SGDClassifier(alpha=0.0001, average=False, class_weight=None,
              early_stopping=False, epsilon=0.1, eta0=0.0, fit_intercept=True,
              l1_ratio=0.15, learning_rate='optimal', loss='hinge',
              max_iter=1000, n_iter_no_change=5, n_jobs=None, penalty='l2',
              power_t=0.5, random_state=42, shuffle=True, tol=0.001,
              validation_fraction=0.1, verbose=0, warm_start=False)

In [256]:
t_pred = sgd.predict(S_test_std)
print('Misclassified samples: ' + str((t_test != t_pred).sum()))

Misclassified samples: 0


In [257]:
from sklearn.metrics import accuracy_score

print('Accuracy: ' + str(accuracy_score(t_test, t_pred)))

Accuracy: 1.0


### four features

In [258]:
C = iris.data
d = iris.target
print('Class labels:', np.unique(d))

Class labels: [0 1 2]


In [259]:
from sklearn.model_selection import train_test_split

C_train, C_test, d_train, d_test = train_test_split(
    C, d, test_size=0.3, random_state=1, stratify=d)

In [260]:
from sklearn.preprocessing import StandardScaler

sc = StandardScaler() #center the distribution around zero (mean), with a standard deviation of 1.
sc.fit(C_train)
C_train_std = sc.transform(C_train)
C_test_std = sc.transform(C_test)

In [261]:
from sklearn.linear_model import SGDClassifier
sgd = SGDClassifier(random_state=42)
sgd.fit(C_train_std, d_train)

SGDClassifier(alpha=0.0001, average=False, class_weight=None,
              early_stopping=False, epsilon=0.1, eta0=0.0, fit_intercept=True,
              l1_ratio=0.15, learning_rate='optimal', loss='hinge',
              max_iter=1000, n_iter_no_change=5, n_jobs=None, penalty='l2',
              power_t=0.5, random_state=42, shuffle=True, tol=0.001,
              validation_fraction=0.1, verbose=0, warm_start=False)

In [262]:
d_pred = sgd.predict(C_test_std)
print('Misclassified samples: ' + str((d_test != d_pred).sum()))

Misclassified samples: 5


In [263]:
from sklearn.metrics import accuracy_score

print('Accuracy: ' + str(accuracy_score(d_test, d_pred)))

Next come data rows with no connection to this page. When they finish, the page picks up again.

lemma vorbit_subset_V: "a \<in> V \<Longrightarrow> vorbit \<Gamma> a \<subseteq> V"
  unfolding vorbit_def using apply_in_V_iff by blast

lemma invariant_under_vorbit: "invariant_under \<Gamma> (vorbit \<Gamma> a)"
  unfolding invariant_under_def by (metis apply_in_vorbit inv_apply inv_in)

lemma color_order_invariant:
  "color_order \<Gamma> V ord \<Longrightarrow> \<forall>A\<in>set ord. invariant_under \<Gamma> A"
  unfolding color_order_def vorbits_def using invariant_under_vorbit by auto

lemma invariant_under_iff_vorbit:
  "invariant_under \<Gamma> A \<Longrightarrow> y \<in> vorbit \<Gamma> x \<Longrightarrow> y \<in> A \<longleftrightarrow> x \<in> A"
  unfolding invariant_under_def vorbit_def by blast

lemma Union_drop_vorbits_subset:
  assumes "distinct ord" and "set ord \<subseteq> vorbits \<Gamma> V"
  shows "\<Union> (set (drop i ord)) \<subseteq> V - \<Union> (set (take i ord))"
proof
  have orbit: "\<exists>a\<in>V. A = vorbit \<Gamma> a" if "A \<in> set ord" for A
    using assms(2) that unfolding vorbits_def by blast
  fix y assume "y \<in> \<Union> (set (drop i ord))"
  then obtain A where A: "A \<in> set (drop i ord)" "y \<in> A"
    by blast
  then obtain a where "a \<in> V" "A = vorbit \<Gamma> a"
    using orbit in_set_dropD by metis
  then have "y \<in> V" and A_eq: "A = vorbit \<Gamma> y"
    using A(2) vorbit_subset_V vorbit_eq by auto
  have "y \<notin> B" if B: "B \<in> set (take i ord)" for B
  proof
    assume "y \<in> B"
    moreover obtain b where "B = vorbit \<Gamma> b"
      using orbit in_set_takeD B by metis
    ultimately have "B = A"
      using A_eq vorbit_eq by simp
    then show False
      using set_take_disj_set_drop_if_distinct[OF assms(1), of i i] A(1) B by blast
  qed
  then show "y \<in> V - \<Union> (set (take i ord))"
    using \<open>y \<in> V\<close> by blast
qed

lemma ecol_apply:
  assumes \<sigma>: "\<sigma> \<in> \<Gamma>"
  shows "ecol \<Gamma> (\<sigma> x) (\<sigma> y) = ecol \<Gamma> x y"
proof -
  have "(\<lambda>\<tau>. \<tau> \<circ> \<sigma>) ` \<Gamma> = \<Gamma>"
  proof
    show "(\<lambda>\<tau>. \<tau> \<circ> \<sigma>) ` \<Gamma> \<subseteq> \<Gamma>"
      using comp_in \<sigma> by blast
    show "\<Gamma> \<subseteq> (\<lambda>\<tau>. \<tau> \<circ> \<sigma>) ` \<Gamma>"
    proof
      fix \<tau> assume "\<tau> \<in> \<Gamma>"
      then have "\<tau> \<circ> inv \<sigma> \<in> \<Gamma>"
        using comp_in inv_in \<sigma> by blast
      moreover have "\<tau> = (\<tau> \<circ> inv \<sigma>) \<circ> \<sigma>"
        using \<sigma> by (simp add: fun_eq_iff)
      ultimately show "\<tau> \<in> (\<lambda>\<tau>. \<tau> \<circ> \<sigma>) ` \<Gamma>"
        by blast
    qed
  qed
  then have "ecol \<Gamma> x y = (\<lambda>\<tau>. {\<tau> x, \<tau> y}) ` ((\<lambda>\<tau>. \<tau> \<circ> \<sigma>) ` \<Gamma>)"
    unfolding ecol_def by simp
  then show ?thesis
    unfolding ecol_def by (simp add: image_image)
qed

lemma ecol_eq_imp_ex:
  assumes "ecol \<Gamma> x y = ecol \<Gamma> x' y'"
  shows "\<exists>\<tau>\<in>\<Gamma>. (\<tau> x = x' \<and> \<tau> y = y') \<or> (\<tau> x = y' \<and> \<tau> y = x')"
proof -
  have "{x', y'} \<in> ecol \<Gamma> x' y'"
    unfolding ecol_def using id_in by (rule rev_image_eqI) simp
  then have "{x', y'} \<in> ecol \<Gamma> x y"
    using assms by simp
  then obtain \<tau> where "\<tau> \<in> \<Gamma>" "{x', y'} = {\<tau> x, \<tau> y}"
    unfolding ecol_def by blast
  then show ?thesis
    by (auto simp: doubleton_eq_iff)
qed

lemma vcol_eq_imp_vorbit:
  assumes "vcol \<Gamma> a = vcol \<Gamma> b"
  shows "b \<in> vorbit \<Gamma> a"
proof -
  obtain \<tau> where "\<tau> \<in> \<Gamma>" "\<tau> a = b"
    using ecol_eq_imp_ex[of a a b b] assms unfolding vcol_def by blast
  then show ?thesis
    unfolding vorbit_def by blast
qed

lemma Fcols_imp_vorbit:
  assumes "ecol \<Gamma> v u \<in> Fcols V adj \<Gamma>"
  shows "u \<in> vorbit \<Gamma> v"
proof -
  obtain a b where ab: "ecol \<Gamma> a b = ecol \<Gamma> v u" "b \<in> vorbit \<Gamma> a"
    using assms vcol_eq_imp_vorbit unfolding Fcols_def by auto
  then obtain \<tau> where "\<tau> \<in> \<Gamma>" "(\<tau> a = v \<and> \<tau> b = u) \<or> (\<tau> a = u \<and> \<tau> b = v)"
    using ecol_eq_imp_ex by blast
  then have "u \<in> vorbit \<Gamma> a" "v \<in> vorbit \<Gamma> a"
    using ab(2) apply_in_vorbit vorbit_self by auto
  then show ?thesis
    using vorbit_eq by simp
qed

end

locale aut_group = perm_group V \<Gamma>
  for V :: "'a set" and \<Gamma> :: "('a \<Rightarrow> 'a) set" +
  fixes adj :: "'a \<Rightarrow> 'a \<Rightarrow> bool"
  assumes simple_graph: "simple_graph V adj"
    and adj_apply: "\<sigma> \<in> \<Gamma> \<Longrightarrow> adj (\<sigma> x) (\<sigma> y) \<longleftrightarrow> adj x y"

lemma aut_groupI:
  assumes G: "simple_graph V adj" and sub: "subgroup_Aut \<Gamma> V adj"
  shows "aut_group V \<Gamma> adj"
proof -
  interpret perm_group V \<Gamma>
    using sub unfolding subgroup_Aut_def Aut_def by unfold_locales auto
  have "adj (\<sigma> x) (\<sigma> y) \<longleftrightarrow> adj x y" if "\<sigma> \<in> \<Gamma>" for \<sigma> x y
  proof (cases "x \<in> V \<and> y \<in> V")
    case True
    then show ?thesis
      using that sub unfolding subgroup_Aut_def Aut_def by blast
  next
    case False
    then have "\<not> adj x y" "\<not> adj (\<sigma> x) (\<sigma> y)"
      using G apply_in_V_iff[OF that] unfolding simple_graph_def by auto
    then show ?thesis
      by simp
  qed
  then show ?thesis
    using G by (simp add: aut_group_def aut_group_axioms_def perm_group_axioms)
qed

context aut_group
begin

lemma adj_in_V: "adj x y \<Longrightarrow> x \<in> V \<and> y \<in> V"
  using simple_graph unfolding simple_graph_def by blast

lemma Etil_commute: "Etil V adj x y \<longleftrightarrow> Etil V adj y x"
  using simple_graph unfolding simple_graph_def Etil_def by blast

lemma Etil_in_V: "Etil V adj x y \<Longrightarrow> x \<in> V \<and> y \<in> V"
  unfolding Etil_def using adj_in_V by blast

lemma Etil_apply: "\<sigma> \<in> \<Gamma> \<Longrightarrow> Etil V adj (\<sigma> x) (\<sigma> y) \<longleftrightarrow> Etil V adj x y"
  unfolding Etil_def by (simp add: adj_apply apply_eq_iff apply_in_V_iff)

lemma ecol_eq_imp_Etil:
  assumes "ecol \<Gamma> x y = ecol \<Gamma> x' y'" and "Etil V adj x y"
  shows "Etil V adj x' y'"
proof -
  obtain \<tau> where "\<tau> \<in> \<Gamma>" "(\<tau> x = x' \<and> \<tau> y = y') \<or> (\<tau> x = y' \<and> \<tau> y = x')"
    using ecol_eq_imp_ex[OF assms(1)] by blast
  then show ?thesis
    using Etil_apply[of \<tau> x y] Etil_commute[of x' y'] assms(2) by auto
qed

lemma simplicial_apply:
  assumes T: "invariant_under \<Gamma> T" and \<sigma>: "\<sigma> \<in> \<Gamma>" and x: "simplicial adj T x"
  shows "simplicial adj T (\<sigma> x)"
  unfolding simplicial_def
proof (intro ballI impI)
  fix a b assume ab: "a \<in> T" "b \<in> T" "adj (\<sigma> x) a" "adj (\<sigma> x) b" "a \<noteq> b"
  have "\<sigma> (inv \<sigma> c) \<in> T \<longleftrightarrow> inv \<sigma> c \<in> T" "adj (\<sigma> x) (\<sigma> (inv \<sigma> c)) \<longleftrightarrow> adj x (inv \<sigma> c)" for c
    using T \<sigma> adj_apply[OF \<sigma>] unfolding invariant_under_def by blast+
  then have "inv \<sigma> a \<in> T" "inv \<sigma> b \<in> T" "adj x (inv \<sigma> a)" "adj x (inv \<sigma> b)"
    using ab \<sigma> by auto
  moreover have "inv \<sigma> a \<noteq> inv \<sigma> b"
    using ab(5) apply_inv[OF \<sigma>] by metis
  ultimately have "adj (inv \<sigma> a) (inv \<sigma> b)"
    using x unfolding simplicial_def by blast
  then show "adj a b"
    using adj_apply[OF \<sigma>, of "inv \<sigma> a" "inv \<sigma> b"] \<sigma> by simp
qed

definition midpoints :: "'a set list \<Rightarrow> 'a \<Rightarrow> 'a \<Rightarrow> 'a set set \<Rightarrow> 'a set set \<Rightarrow> 'a set" where
  "midpoints ord v w k h = {u \<in> Vle ord (min (pos ord v) (pos ord w)).
      Etil V adj v u \<and> Etil V adj u w \<and> ecol \<Gamma> v u = k \<and> ecol \<Gamma> u w = h}"

lemma mto_eq_card_midpoints: "mto V adj \<Gamma> ord v w k h = card (midpoints ord v w k h)"
  unfolding mto_def midpoints_def ..

lemma mto_commute: "mto V adj \<Gamma> ord v w k h = mto V adj \<Gamma> ord w v h k"
proof -
  have "midpoints ord v w k h = midpoints ord w v h k"
    unfolding midpoints_def by (auto simp: min.commute Etil_commute ecol_commute)
  then show ?thesis
    unfolding mto_eq_card_midpoints by simp
qed

lemma apply_in_midpoints_iff:
  assumes classes: "\<forall>A\<in>set ord. invariant_under \<Gamma> A" and \<sigma>: "\<sigma> \<in> \<Gamma>"
  shows "\<sigma> u \<in> midpoints ord (\<sigma> v) (\<sigma> w) k h \<longleftrightarrow> u \<in> midpoints ord v w k h"
proof -
  have "\<sigma> u \<in> Vle ord i \<longleftrightarrow> u \<in> Vle ord i" for i
    using invariant_under_Vle[OF classes] \<sigma> unfolding invariant_under_def by blast
  then show ?thesis
    unfolding midpoints_def using pos_apply[OF classes \<sigma>] Etil_apply[OF \<sigma>] ecol_apply[OF \<sigma>]
    by simp
qed

lemma mto_apply:
  assumes classes: "\<forall>A\<in>set ord. invariant_under \<Gamma> A" and \<sigma>: "\<sigma> \<in> \<Gamma>"
  shows "mto V adj \<Gamma> ord (\<sigma> v) (\<sigma> w) k h = mto V adj \<Gamma> ord v w k h"
proof -
  have "midpoints ord v w k h = \<sigma> -` midpoints ord (\<sigma> v) (\<sigma> w) k h"
    using apply_in_midpoints_iff[OF classes \<sigma>] by auto
  moreover have "inj \<sigma>" "surj \<sigma>"
    using permutes[OF \<sigma>] by (auto dest: permutes_inj permutes_surj)
  ultimately show ?thesis
    unfolding mto_eq_card_midpoints by (simp add: card_vimage_inj)
qed

lemma M1_if_invariant_classes:
  assumes classes: "\<forall>A\<in>set ord. invariant_under \<Gamma> A"
  shows "M1 V adj \<Gamma> ord"
  unfolding M1_def
proof (intro allI impI)
  fix v w v' w' k h
  assume "ecol \<Gamma> v w = ecol \<Gamma> v' w'"
  then obtain \<tau> where \<tau>: "\<tau> \<in> \<Gamma>" "(\<tau> v = v' \<and> \<tau> w = w') \<or> (\<tau> v = w' \<and> \<tau> w = v')"
    using ecol_eq_imp_ex by blast
  from \<tau>(2) show "mboth V adj \<Gamma> ord v w k h = mboth V adj \<Gamma> ord v' w' k h"
  proof
    assume "\<tau> v = v' \<and> \<tau> w = w'"
    then show ?thesis
      using mto_apply[OF classes \<tau>(1), of v w] unfolding mboth_def by auto
  next
    assume "\<tau> v = w' \<and> \<tau> w = v'"
    then have "mboth V adj \<Gamma> ord v' w' k h = mto V adj \<Gamma> ord w v k h + mto V adj \<Gamma> ord w v h k"
      using mto_apply[OF classes \<tau>(1), of w v] unfolding mboth_def by auto
    then show ?thesis
      unfolding mboth_def using mto_commute[of ord w v] by simp
  qed
qed

lemma M2_if_generously_transitive:
  assumes classes: "\<forall>A\<in>set ord. invariant_under \<Gamma> A" and gt: "generously_transitive \<Gamma> V"
  shows "M2 V adj \<Gamma> ord"
  unfolding M2_def
proof (intro allI impI ballI)
  fix v w k h assume vw: "Etil V adj v w" "vcol \<Gamma> v = vcol \<Gamma> w"
  show "mto V adj \<Gamma> ord v w k h = mto V adj \<Gamma> ord w v k h"
  proof (cases "v = w")
    case False
    have "vorbit \<Gamma> v \<in> vorbits \<Gamma> V" "w \<in> vorbit \<Gamma> v"
      using vw Etil_in_V vcol_eq_imp_vorbit unfolding vorbits_def by auto
    then obtain \<sigma> where "\<sigma> \<in> \<Gamma>" "\<sigma> v = w" "\<sigma> w = v"
      using gt False vorbit_self unfolding generously_transitive_def by blast
    then show ?thesis
      using mto_apply[OF classes, of \<sigma> v w k h] by simp
  qed simp
qed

Accuracy: 0.8888888888888888


The stochastic gradient descent model performed better on the two features similar to the perceptron model. With four features it performed worse and misclassified 5 samples as opposed to next to nothing with two features. The two features that we use for our two feature algorithms appear more linearly separable and thus we can predict better. When we use four features it is less linearly separable and thus we perform worse. Also the sotchastic gradient descent algorithm randomly picks a data point to begin with. With more data provided by the extra features,we have more random options for the model and also more when the model updates.